A unimodal parametrization of the Dirichlet distribution has been considered for robustness, model-based clustering, and both together. In particular, we first proposed the use of unimodal Dirichlet distribution for model-based clustering since a modal approach allows for a natural and convenient interpretation of the detected clusters. Secondly, we introduce the contaminated unimodal Dirichlet distribution that, because of its heavy tails, conveniently allows for the modeling of compositional data with atypical observations directly in the simplex, in an opposite manner to what is traditionally done in the related literature that relies on log-ratio transformations. A useful aspect of this distribution is its ability to automatically identify atypical observations. Thirdly, we proposed the use of the contaminated unimodal Dirichlet distribution for model-based clustering, thus jointly accounting for the presence of clusters and atypical observations in the data. Similarly to before, we can identify atypical observations after their assignment to the considered clusters.

From a computational point of view, a direct ML approach (for the contaminated unimodal Dirichlet distribution) and two EM algorithms (for unimodal and contaminated unimodal Dirichlet mixtures) have been also illustrated. Unfortunately, closed-form expressions for estimating the parameters are not available, requiring the implementation of numerical optimization methods.

The usefulness of the proposed methodologies has been demonstrated both via simulation studies and real data applications. Specifically, the first simulation study showed the robustness of the contaminated Dirichlet distribution in the presence of atypical points. The second simulated analysis illustrated the benefits of using the contaminated Dirichlet mixture model, in terms of classification and atypical point detection, when noisy observations are present in the data. The third simulation study disclosed the adequacy of parameter and mixture order recovery.

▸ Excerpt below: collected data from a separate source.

(* Let $b>3$ and let $f:B(b)\to\mathbb{C}$ be a conformal embedding (injective holomorphic map) with $f(0)=0$ and $f(z+1)=f(z)+1$ for all $z\in B(b)$. Then for every $z=x+iy\in B(b-3)$, $$|f''(z)|\le C_2\,e^{2\pi(|y|-b)},$$ where $C_1=\sqrt{8/\pi}$ and $C_2=8\pi e^{5\pi}(C_1+1)$.
   Context: $B(b)=\{z\in\mathbb{C}:|\operatorname{Im}z|<b\}$. *)

theory Defs
  imports "HOL-Complex_Analysis.Complex_Analysis"
begin

definition strip :: "real \<Rightarrow> complex set" where
  "strip b = {z. \<bar>Im z\<bar> < b}"

definition C1 :: real where "C1 = sqrt (8 / pi)"
definition C2 :: real where "C2 = 8 * pi * exp (5 * pi) * (C1 + 1)"

end

theory Submission
  imports Defs
begin

text \<open>Since \<open>f(z + 1) = f z + 1\<close> and \<open>f\<close> is injective, Bloch's theorem bounds \<open>\<bar>f'\<bar>\<close> by 12
  on \<open>\<bar>Im z\<bar> \<le> b - 1/2\<close>. The derivative \<open>f'\<close> is 1-periodic, hence of the form
  \<open>P (exp (2\<pi>iz))\<close> with \<open>P\<close> holomorphic on the annulus \<open>exp (-2\<pi>b) < \<bar>w\<bar> < exp (2\<pi>b)\<close>.
  Cauchy's formula for \<open>P'\<close> on the closed annulus bounded by the images of the lines
  \<open>\<bar>Im z\<bar> = b - 1/2\<close>, together with the chain rule, gives the exponential decay of \<open>f''\<close>.\<close>

lemma has_contour_integral_minus_principal_part:
  assumes \<gamma>: "valid_path \<gamma>" "pathfinish \<gamma> = pathstart \<gamma>" "w \<notin> path_image \<gamma>"
    and I: "((\<lambda>z. P z / (z - w)^2) has_contour_integral I) \<gamma>"
    and \<phi>: "\<And>z. z \<in> path_image \<gamma> \<Longrightarrow> \<phi> z = P z / (z - w)^2 - a / (z - w)^2 - c / (z - w)"
  shows "(\<phi> has_contour_integral (I - 2 * pi * \<i> * winding_number \<gamma> w * c)) \<gamma>"
proof -
  have "((\<lambda>z. a / (z - w)^2) has_contour_integral 0) \<gamma>"
  proof (rule Cauchy_theorem_primitive[of "- {w}" "\<lambda>z. - a / (z - w)"])
    fix z :: complex assume "z \<in> - {w}"
    then show "((\<lambda>z. - a / (z - w)) has_field_derivative a / (z - w)^2) (at z within - {w})"
      by (auto intro!: derivative_eq_intros simp: power2_eq_square field_simps)
  qed (use \<gamma> in auto)
  moreover have "((\<lambda>z. c / (z - w)) has_contour_integral c * (2 * pi * \<i> * winding_number \<gamma> w)) \<gamma>"
    using has_contour_integral_lmul[OF has_contour_integral_winding_number[OF \<gamma>(1,3)], of c]
    by simp
  ultimately have "((\<lambda>z. P z / (z - w)^2 - a / (z - w)^2 - c / (z - w)) has_contour_integral
                     (I - 0 - c * (2 * pi * \<i> * winding_number \<gamma> w))) \<gamma>"
    by (intro has_contour_integral_diff I)
  then have "((\<lambda>z. P z / (z - w)^2 - a / (z - w)^2 - c / (z - w)) has_contour_integral
                (I - 2 * pi * \<i> * winding_number \<gamma> w * c)) \<gamma>"
    by (simp add: algebra_simps)
  then show ?thesis
    by (rule has_contour_integral_eq) (simp add: \<phi>)
qed

lemma homotopic_loops_circlepaths:
  assumes "0 < r" "r \<le> R" and sub: "\<And>\<zeta>. r \<le> cmod \<zeta> \<Longrightarrow> cmod \<zeta> \<le> R \<Longrightarrow> \<zeta> \<in> A"
  shows "homotopic_loops A (circlepath 0 R) (circlepath 0 r)"
proof (rule homotopic_loops_linear)
  fix t :: real
  show "closed_segment (circlepath 0 R t) (circlepath 0 r t) \<subseteq> A"
  proof
    fix y assume "y \<in> closed_segment (circlepath 0 R t) (circlepath 0 r t)"
    then obtain u where u: "0 \<le> u" "u \<le> 1"
      and y: "y = (1 - u) *\<^sub>R circlepath 0 R t + u *\<^sub>R circlepath 0 r t"
      unfolding closed_segment_def by auto
    have "y = of_real ((1 - u) * R + u * r) * exp (2 * of_real pi * \<i> * of_real t)"
      by (simp add: y circlepath scaleR_conv_of_real algebra_simps)
    then have "cmod y = \<bar>(1 - u) * R + u * r\<bar>"
      by (simp only: norm_mult norm_of_real norm_exp_eq_Re) simp
    moreover have "r \<le> (1 - u) * R + u * r" "(1 - u) * R + u * r \<le> R"
      using mult_left_mono[OF \<open>r \<le> R\<close>, of u] mult_left_mono[OF \<open>r \<le> R\<close>, of "1 - u"] u
      by (simp_all add: algebra_simps)
    ultimately show "y \<in> A" using sub \<open>0 < r\<close> by auto
  qed
qed auto
lemma jac2_square_eq_of_opposite:
  assumes trace: "\<And>x y. poly2_dx P x y + poly2_dy Q x y = 0"
    and zP: "poly2 P x1 y1 = 0" "poly2 P x2 y2 = 0" "poly2 P x3 y3 = 0"
    and zQ: "poly2 Q x1 y1 = 0" "poly2 Q x2 y2 = 0" "poly2 Q x3 y3 = 0"
    and nondeg: "jac2 P Q x1 y1 \<noteq> 0"
    and distinct: "(x1, y1) \<noteq> (x2, y2)" "(x1, y1) \<noteq> (x3, y3)" "(x2, y2) \<noteq> (x3, y3)"
    and opposite: "jac2 P Q x1 y1 + jac2 P Q x2 y2 = 0"
  shows "(jac2 P Q x3 y3)^2 = (jac2 P Q x1 y1)^2"
proof -
  define r1 r2 s1 s2 where "r1 = x2 - x1" and "r2 = y2 - y1" and "s1 = x3 - x1" and "s2 = y3 - y1"
  define D where "D = r1 * s2 - r2 * s1"
  have "D \<noteq> 0"
    using common_zeros_not_collinear[OF zP zQ nondeg distinct]
    by (simp add: D_def r1_def r2_def s1_def s2_def)
  note grads = poly2_grad_at_three_zeros[OF zP, folded r1_def r2_def s1_def s2_def]
    poly2_grad_at_three_zeros[OF zQ, folded r1_def r2_def s1_def s2_def]
  have det: "(poly2_dx P x y * r1 + poly2_dy P x y * r2) * (poly2_dx Q x y * s1 + poly2_dy Q x y * s2)
      - (poly2_dx Q x y * r1 + poly2_dy Q x y * r2) * (poly2_dx P x y * s1 + poly2_dy P x y * s2)
      = jac2 P Q x y * D" for x y
    unfolding cross_image_eq_det_cross jac2_def D_def ..
  have tr: "(poly2_dx P x y * r1 + poly2_dy P x y * r2) * s2 - (poly2_dx Q x y * r1 + poly2_dy Q x y * r2) * s1
      + (r1 * (poly2_dx Q x y * s1 + poly2_dy Q x y * s2) - r2 * (poly2_dx P x y * s1 + poly2_dy P x y * s2))
      = 0" for x y
    unfolding cross_image_eq_trace_cross trace by simp
  have "D^4 * ((jac2 P Q x3 y3)^2 - (jac2 P Q x1 y1)^2) = 2 * (quad_part2 P s1 s2 * s2 - quad_part2 Q s1 s2 * s1)
      * ((quad_part2 P r1 r2 * s2 - quad_part2 Q r1 r2 * s1) - (quad_part2 P s1 s2 * s2 - quad_part2 Q s1 s2 * s1))
      * D^2 * (jac2 P Q x1 y1 + jac2 P Q x2 y2)"
    by (rule jacobian_square_difference_identity[OF D_def det[of x1 y1, unfolded grads]
          det[of x2 y2, unfolded grads] det[of x3 y3, unfolded grads] tr[of x1 y1, unfolded grads]
          tr[of x2 y2, unfolded grads] tr[of x3 y3, unfolded grads]])
  with opposite \<open>D \<noteq> 0\<close> show ?thesis by simp
qed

Regarding real case studies, we considered two datasets. In the first one, we illustrated the presence of a clustering structure, modeled via mixtures of unimodal Dirichlet distributions. This result contrasts with what has been done in the literature, where this dataset has always been considered as having a single group with atypical points. From an interpretative point of view, the detected clusters consist of different kinds of basalts present in the Isle of Skye, which differ by the proportions of major chemical elements.

The second dataset provided an example of a grouping structure with atypical points. Indeed, the fitting of the contaminated Dirichlet mixture model was the best according to the BIC. By using the features of this model, it has been possible to automatically detect and evaluate the atypical points assigned to one of the two clusters.

There are different possibilities for further work, four of which are worth mentioning. Firstly, the CUD-M model we propose follows a “componentwise” approach to protect the UD-M against the presence of atypical observations. Under the alternative “additional component” approach, and borrowing the famous idea from Banfield and Raftery (1993), the UD-M model could be protected against atypical observations via an “additional component” approach where a uniform distribution across the simplex is used as an additional component. The uniform component would hopefully capture the contaminated observations. Secondly, covariates are often available along with compositional data. A straightforward extension of the proposed methodology would deal with the regression framework, where the response random vector is conditionally distributed according to the CUD(-M) model. Thirdly, parsimony is a fundamental aspect of statistical modeling. Parsimony could be achieved by forcing the parameters (excluding the modes) to be equal across mixture components. Finally, extensions to hidden Markov models can be considered.